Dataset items
__________
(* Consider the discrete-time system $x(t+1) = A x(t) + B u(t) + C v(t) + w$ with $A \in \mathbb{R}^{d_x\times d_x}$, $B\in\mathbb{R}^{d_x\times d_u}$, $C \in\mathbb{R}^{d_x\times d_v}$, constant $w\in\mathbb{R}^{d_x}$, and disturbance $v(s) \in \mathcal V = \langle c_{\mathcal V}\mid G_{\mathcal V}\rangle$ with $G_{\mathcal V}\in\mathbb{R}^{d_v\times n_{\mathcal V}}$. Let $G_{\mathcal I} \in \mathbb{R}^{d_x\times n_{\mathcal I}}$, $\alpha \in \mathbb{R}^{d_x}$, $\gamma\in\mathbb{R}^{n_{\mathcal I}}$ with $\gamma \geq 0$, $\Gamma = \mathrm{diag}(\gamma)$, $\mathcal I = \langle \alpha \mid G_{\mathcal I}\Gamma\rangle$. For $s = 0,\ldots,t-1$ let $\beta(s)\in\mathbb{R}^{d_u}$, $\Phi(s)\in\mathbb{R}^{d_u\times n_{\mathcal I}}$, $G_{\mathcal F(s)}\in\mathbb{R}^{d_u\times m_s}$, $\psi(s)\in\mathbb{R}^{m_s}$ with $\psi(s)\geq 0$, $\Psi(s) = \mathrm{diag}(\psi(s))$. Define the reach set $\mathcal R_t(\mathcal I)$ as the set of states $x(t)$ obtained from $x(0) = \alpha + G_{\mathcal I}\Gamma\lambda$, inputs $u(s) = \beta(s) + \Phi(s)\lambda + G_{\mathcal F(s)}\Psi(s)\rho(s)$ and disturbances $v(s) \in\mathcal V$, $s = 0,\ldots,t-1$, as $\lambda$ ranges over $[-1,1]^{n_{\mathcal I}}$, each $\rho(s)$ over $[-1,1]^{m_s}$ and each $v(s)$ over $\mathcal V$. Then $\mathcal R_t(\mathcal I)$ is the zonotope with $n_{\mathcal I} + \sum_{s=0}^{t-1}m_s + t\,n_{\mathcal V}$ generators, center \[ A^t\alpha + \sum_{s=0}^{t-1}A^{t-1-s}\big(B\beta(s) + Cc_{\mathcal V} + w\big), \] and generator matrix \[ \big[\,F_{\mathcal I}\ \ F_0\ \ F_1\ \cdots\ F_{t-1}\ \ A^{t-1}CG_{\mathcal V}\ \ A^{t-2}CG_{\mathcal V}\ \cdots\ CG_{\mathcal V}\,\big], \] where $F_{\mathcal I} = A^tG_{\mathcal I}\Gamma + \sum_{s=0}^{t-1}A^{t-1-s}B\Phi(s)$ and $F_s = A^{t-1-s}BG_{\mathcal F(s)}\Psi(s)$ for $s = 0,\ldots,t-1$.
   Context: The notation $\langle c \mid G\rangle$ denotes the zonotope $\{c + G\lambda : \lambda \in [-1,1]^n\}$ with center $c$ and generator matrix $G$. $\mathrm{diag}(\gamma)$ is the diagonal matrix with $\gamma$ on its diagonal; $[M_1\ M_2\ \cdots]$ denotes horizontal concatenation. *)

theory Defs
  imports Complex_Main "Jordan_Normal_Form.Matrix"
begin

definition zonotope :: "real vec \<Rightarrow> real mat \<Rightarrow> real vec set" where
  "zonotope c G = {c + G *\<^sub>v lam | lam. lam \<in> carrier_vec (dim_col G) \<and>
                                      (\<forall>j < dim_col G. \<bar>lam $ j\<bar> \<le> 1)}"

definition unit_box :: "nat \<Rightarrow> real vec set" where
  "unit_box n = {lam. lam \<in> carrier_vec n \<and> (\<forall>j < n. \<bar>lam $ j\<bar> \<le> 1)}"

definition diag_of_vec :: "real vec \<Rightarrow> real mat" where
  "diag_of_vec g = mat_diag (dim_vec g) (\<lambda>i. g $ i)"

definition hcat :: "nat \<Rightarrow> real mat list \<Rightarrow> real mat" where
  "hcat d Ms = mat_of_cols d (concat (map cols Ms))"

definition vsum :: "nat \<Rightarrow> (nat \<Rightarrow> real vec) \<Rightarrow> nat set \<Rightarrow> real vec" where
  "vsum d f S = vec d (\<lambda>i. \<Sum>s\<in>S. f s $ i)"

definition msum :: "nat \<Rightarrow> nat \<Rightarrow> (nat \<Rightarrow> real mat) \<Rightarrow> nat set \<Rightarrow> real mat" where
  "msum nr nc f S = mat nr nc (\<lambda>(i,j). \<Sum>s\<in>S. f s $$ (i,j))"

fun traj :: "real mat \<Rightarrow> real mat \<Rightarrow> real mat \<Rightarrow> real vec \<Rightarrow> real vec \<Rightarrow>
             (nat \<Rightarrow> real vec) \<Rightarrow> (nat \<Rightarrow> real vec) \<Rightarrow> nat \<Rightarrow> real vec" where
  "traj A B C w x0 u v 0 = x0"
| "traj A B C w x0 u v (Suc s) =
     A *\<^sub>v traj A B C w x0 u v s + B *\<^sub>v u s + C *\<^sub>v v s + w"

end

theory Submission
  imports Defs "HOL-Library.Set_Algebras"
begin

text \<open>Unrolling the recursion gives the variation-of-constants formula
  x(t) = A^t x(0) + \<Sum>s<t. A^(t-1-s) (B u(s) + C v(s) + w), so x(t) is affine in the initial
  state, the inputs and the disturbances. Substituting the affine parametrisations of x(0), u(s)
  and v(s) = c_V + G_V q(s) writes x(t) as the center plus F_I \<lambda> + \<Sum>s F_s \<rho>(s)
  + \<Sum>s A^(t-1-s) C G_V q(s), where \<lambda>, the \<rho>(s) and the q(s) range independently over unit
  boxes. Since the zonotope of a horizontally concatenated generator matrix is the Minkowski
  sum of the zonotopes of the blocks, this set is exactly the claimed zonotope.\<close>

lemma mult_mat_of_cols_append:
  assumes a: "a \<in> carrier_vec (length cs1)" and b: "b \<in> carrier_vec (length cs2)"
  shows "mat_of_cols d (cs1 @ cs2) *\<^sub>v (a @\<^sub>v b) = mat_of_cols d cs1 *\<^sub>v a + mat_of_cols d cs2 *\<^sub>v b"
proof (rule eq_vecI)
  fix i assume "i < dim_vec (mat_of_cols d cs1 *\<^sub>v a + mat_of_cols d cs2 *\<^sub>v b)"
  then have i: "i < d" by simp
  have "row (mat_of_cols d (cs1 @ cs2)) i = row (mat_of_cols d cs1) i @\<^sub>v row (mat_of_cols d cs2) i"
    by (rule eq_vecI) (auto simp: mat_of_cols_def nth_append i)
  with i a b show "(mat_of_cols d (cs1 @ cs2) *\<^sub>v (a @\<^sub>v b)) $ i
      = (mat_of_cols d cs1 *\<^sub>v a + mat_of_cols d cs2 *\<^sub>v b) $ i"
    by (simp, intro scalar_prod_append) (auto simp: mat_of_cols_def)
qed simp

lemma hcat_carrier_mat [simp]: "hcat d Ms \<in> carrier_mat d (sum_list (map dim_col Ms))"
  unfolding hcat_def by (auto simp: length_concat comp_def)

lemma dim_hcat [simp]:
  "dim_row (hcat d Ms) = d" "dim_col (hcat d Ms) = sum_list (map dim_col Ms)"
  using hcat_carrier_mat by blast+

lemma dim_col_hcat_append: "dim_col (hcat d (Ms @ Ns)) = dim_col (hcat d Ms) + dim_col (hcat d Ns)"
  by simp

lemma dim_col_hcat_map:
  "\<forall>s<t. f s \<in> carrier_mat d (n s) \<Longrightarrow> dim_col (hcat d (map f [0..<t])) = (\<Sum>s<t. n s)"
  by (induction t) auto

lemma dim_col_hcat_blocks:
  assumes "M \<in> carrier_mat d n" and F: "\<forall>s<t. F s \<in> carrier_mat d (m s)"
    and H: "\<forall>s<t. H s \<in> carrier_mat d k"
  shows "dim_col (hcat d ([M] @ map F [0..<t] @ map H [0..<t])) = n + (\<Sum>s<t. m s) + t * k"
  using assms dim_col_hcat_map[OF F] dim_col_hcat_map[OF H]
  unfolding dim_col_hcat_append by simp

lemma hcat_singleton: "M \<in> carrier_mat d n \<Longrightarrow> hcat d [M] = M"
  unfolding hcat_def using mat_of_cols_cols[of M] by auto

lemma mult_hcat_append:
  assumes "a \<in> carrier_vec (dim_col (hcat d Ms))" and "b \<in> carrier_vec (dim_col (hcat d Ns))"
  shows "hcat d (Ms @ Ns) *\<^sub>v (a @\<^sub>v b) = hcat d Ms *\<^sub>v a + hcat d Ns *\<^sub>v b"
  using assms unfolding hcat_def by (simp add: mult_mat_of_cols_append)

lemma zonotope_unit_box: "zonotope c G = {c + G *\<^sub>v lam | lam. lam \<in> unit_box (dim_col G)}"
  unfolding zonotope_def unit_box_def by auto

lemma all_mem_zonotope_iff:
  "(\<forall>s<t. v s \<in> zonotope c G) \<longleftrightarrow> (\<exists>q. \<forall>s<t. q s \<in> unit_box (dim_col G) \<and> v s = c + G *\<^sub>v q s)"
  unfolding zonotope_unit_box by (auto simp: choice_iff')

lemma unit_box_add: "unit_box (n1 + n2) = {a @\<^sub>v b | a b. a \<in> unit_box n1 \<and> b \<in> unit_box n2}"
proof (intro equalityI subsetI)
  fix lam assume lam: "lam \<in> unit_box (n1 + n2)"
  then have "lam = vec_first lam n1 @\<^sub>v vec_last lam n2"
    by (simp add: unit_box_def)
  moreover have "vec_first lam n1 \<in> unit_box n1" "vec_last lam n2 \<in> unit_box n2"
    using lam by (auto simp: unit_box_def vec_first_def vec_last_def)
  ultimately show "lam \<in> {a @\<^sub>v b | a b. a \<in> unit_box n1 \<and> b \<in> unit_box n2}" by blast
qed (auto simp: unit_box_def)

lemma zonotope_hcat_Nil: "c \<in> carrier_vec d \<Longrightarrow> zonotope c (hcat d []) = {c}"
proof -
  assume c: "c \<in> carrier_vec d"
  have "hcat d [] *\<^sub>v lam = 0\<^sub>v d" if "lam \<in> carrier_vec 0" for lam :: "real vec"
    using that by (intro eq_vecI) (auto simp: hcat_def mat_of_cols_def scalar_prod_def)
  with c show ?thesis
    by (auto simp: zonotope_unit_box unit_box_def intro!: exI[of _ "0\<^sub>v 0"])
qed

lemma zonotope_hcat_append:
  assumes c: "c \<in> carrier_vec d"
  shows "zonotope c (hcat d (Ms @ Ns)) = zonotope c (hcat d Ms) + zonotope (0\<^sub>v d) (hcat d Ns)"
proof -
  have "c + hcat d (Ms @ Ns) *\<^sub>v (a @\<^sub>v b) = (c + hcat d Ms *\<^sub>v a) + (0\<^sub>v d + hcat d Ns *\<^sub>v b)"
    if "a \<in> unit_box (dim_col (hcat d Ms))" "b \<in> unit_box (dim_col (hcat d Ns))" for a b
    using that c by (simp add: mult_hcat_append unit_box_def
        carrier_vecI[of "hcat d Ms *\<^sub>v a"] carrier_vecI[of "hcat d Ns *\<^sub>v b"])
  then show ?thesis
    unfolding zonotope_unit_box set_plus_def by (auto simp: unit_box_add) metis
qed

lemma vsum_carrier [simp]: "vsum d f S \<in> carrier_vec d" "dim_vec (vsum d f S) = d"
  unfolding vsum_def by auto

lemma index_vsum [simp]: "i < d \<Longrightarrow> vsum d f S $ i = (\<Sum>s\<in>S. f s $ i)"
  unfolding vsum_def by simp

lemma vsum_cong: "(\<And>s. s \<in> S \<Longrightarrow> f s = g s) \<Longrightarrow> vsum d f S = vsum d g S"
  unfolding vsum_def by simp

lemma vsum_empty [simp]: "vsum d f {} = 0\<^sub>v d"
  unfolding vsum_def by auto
__________
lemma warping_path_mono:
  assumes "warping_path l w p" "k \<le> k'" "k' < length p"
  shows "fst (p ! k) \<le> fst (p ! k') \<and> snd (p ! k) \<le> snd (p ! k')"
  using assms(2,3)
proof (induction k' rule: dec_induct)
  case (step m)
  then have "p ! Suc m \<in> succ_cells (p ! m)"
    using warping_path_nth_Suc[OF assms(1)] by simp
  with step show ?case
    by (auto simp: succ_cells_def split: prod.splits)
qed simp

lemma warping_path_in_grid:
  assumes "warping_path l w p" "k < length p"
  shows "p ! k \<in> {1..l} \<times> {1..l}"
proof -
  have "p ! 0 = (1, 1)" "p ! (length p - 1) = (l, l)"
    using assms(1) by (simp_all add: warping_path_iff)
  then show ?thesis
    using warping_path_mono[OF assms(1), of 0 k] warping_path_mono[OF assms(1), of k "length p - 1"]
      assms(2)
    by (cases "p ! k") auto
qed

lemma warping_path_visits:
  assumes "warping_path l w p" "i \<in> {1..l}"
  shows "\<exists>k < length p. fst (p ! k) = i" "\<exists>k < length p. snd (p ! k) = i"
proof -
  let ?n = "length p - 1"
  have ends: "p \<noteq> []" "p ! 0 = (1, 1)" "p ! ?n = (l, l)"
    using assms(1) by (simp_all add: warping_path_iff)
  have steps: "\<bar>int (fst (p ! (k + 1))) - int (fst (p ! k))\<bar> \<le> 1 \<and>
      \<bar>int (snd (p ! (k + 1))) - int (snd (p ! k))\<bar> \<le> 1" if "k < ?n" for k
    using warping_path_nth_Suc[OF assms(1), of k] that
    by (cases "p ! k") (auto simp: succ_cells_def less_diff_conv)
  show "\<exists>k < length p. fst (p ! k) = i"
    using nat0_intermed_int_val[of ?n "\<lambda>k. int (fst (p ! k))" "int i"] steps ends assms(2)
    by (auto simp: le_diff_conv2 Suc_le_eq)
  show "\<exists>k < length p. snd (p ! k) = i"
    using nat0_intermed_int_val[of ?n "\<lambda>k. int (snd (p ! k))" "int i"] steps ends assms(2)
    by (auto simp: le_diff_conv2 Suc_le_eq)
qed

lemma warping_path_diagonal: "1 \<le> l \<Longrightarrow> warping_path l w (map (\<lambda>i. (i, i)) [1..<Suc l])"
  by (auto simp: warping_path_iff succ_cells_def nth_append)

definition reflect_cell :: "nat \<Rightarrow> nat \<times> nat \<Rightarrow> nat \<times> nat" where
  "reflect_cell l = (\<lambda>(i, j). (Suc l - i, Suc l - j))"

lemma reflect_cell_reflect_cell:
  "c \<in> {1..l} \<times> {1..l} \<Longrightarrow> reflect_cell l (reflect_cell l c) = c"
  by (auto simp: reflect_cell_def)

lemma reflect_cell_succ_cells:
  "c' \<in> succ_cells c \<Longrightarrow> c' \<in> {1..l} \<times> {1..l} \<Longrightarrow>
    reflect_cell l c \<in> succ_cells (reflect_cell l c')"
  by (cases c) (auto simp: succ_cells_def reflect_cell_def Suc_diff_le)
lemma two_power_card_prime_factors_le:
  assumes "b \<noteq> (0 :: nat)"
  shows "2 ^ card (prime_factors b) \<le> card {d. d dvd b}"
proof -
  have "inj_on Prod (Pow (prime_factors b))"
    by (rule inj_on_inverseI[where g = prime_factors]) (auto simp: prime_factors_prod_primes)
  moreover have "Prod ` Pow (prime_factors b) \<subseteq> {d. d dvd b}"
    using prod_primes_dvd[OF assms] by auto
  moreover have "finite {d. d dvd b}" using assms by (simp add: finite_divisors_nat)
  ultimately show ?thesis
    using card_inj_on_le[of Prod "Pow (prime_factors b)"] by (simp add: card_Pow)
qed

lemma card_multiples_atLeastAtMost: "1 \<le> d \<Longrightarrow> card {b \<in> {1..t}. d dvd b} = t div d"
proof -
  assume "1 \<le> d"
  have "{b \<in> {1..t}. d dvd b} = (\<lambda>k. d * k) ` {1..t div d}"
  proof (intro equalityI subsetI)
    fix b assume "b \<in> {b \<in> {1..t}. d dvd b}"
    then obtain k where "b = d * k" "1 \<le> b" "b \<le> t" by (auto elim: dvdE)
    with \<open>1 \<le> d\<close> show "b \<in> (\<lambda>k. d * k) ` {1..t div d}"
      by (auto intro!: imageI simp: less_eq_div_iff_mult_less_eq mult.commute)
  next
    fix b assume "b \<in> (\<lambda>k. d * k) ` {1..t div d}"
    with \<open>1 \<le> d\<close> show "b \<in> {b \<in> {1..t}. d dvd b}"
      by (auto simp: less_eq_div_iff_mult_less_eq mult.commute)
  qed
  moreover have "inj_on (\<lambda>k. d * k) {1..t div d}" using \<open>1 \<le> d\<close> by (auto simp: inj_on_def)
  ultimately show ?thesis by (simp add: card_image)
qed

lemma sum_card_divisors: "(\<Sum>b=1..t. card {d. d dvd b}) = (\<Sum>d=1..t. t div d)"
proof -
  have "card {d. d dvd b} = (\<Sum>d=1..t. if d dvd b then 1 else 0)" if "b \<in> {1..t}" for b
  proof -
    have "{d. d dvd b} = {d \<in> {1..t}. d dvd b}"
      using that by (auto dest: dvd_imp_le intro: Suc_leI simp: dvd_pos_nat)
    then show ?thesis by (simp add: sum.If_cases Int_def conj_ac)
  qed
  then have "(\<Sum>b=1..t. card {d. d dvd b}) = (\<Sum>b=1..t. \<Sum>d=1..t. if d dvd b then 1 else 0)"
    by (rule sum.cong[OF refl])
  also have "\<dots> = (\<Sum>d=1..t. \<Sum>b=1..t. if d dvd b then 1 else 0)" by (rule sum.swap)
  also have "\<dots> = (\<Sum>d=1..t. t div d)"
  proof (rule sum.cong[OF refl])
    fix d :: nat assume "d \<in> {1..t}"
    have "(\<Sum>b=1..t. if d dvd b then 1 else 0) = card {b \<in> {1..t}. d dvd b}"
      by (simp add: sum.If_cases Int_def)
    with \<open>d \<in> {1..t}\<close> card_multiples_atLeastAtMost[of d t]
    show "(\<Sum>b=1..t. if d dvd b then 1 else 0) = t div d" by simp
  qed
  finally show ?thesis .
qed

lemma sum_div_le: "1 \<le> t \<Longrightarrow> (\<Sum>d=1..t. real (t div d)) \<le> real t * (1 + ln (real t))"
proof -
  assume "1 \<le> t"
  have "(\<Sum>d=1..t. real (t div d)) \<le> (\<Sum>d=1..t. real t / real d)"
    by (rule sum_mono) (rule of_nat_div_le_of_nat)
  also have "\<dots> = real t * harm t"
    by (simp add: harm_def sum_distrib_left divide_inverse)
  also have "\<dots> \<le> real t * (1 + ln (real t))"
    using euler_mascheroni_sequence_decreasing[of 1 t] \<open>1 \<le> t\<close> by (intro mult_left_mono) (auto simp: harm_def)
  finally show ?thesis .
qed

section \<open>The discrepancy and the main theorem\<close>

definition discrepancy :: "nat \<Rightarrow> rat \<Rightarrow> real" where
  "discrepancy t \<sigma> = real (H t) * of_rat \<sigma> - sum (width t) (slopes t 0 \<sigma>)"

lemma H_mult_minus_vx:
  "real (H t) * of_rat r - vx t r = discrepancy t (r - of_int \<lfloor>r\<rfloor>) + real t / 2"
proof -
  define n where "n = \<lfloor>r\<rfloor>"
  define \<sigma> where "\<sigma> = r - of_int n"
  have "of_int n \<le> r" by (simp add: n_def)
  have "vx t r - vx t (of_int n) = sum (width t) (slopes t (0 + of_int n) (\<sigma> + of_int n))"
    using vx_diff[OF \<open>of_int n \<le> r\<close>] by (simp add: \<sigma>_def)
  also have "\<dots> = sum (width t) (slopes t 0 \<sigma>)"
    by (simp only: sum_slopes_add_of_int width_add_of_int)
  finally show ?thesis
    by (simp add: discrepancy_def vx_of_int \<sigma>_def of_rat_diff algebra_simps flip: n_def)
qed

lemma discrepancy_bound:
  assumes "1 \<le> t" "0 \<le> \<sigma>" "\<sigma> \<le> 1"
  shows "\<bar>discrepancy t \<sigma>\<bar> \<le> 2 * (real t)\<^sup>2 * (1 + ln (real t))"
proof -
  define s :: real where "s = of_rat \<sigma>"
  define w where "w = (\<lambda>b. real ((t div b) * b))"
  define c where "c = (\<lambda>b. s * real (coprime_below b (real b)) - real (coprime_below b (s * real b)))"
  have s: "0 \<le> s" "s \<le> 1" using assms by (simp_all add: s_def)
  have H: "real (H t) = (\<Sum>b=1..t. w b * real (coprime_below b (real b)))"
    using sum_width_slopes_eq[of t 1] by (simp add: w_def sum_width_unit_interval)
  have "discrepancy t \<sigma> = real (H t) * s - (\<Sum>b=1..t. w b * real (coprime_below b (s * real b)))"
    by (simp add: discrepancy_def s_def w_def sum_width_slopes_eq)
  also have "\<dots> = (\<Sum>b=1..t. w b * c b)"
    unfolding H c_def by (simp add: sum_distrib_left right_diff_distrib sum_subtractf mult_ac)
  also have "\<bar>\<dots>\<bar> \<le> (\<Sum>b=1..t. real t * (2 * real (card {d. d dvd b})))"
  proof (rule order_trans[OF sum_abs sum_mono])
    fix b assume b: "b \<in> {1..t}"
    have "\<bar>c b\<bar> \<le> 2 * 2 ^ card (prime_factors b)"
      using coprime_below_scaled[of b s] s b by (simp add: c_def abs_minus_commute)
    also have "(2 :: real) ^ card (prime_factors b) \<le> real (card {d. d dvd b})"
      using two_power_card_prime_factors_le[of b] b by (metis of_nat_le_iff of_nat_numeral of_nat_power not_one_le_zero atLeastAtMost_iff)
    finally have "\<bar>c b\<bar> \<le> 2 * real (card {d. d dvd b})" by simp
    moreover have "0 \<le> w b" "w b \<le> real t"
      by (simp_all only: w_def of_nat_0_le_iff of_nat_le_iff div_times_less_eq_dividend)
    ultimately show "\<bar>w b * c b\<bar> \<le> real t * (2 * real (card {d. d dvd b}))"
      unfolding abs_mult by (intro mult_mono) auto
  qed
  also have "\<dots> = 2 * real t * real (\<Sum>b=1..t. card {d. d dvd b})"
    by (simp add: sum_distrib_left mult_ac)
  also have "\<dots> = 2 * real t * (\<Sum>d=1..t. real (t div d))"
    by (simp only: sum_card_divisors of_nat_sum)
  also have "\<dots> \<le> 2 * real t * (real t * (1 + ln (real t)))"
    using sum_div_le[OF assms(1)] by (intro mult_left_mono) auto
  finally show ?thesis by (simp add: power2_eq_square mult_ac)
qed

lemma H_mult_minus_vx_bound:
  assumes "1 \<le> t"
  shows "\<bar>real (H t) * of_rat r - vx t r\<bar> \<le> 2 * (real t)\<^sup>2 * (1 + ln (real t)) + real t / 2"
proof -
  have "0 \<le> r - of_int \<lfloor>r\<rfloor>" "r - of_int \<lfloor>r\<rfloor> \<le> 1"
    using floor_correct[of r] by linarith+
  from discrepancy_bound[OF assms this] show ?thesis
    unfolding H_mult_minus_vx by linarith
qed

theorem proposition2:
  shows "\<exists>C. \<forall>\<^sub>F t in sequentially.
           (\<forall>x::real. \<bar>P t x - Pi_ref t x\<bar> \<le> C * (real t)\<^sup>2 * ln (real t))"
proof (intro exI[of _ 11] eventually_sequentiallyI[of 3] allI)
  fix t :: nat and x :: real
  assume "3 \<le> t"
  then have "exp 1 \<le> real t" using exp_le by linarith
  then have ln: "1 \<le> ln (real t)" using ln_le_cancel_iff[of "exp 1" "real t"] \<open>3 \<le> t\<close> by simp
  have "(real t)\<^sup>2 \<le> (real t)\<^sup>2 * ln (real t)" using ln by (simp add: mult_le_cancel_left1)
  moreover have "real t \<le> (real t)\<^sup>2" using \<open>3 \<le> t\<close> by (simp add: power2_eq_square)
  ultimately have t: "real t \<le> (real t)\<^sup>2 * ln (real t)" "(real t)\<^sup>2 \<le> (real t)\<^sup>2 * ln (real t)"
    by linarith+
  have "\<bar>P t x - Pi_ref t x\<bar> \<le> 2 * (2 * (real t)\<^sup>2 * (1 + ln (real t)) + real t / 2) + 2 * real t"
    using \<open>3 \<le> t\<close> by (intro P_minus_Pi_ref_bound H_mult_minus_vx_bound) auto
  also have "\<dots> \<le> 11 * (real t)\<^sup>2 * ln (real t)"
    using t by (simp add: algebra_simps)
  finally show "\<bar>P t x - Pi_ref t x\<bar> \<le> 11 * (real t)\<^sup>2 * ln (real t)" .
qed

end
__________
> _What you will do_: Lines containing the string "blast" are the ones to copy from the entries above.

> _Written solution_:
  using hcat_carrier_mat by blast+
  ultimately show "lam \<in> {a @\<^sub>v b | a b. a \<in> unit_box n1 \<and> b \<in> unit_box n2}" by blast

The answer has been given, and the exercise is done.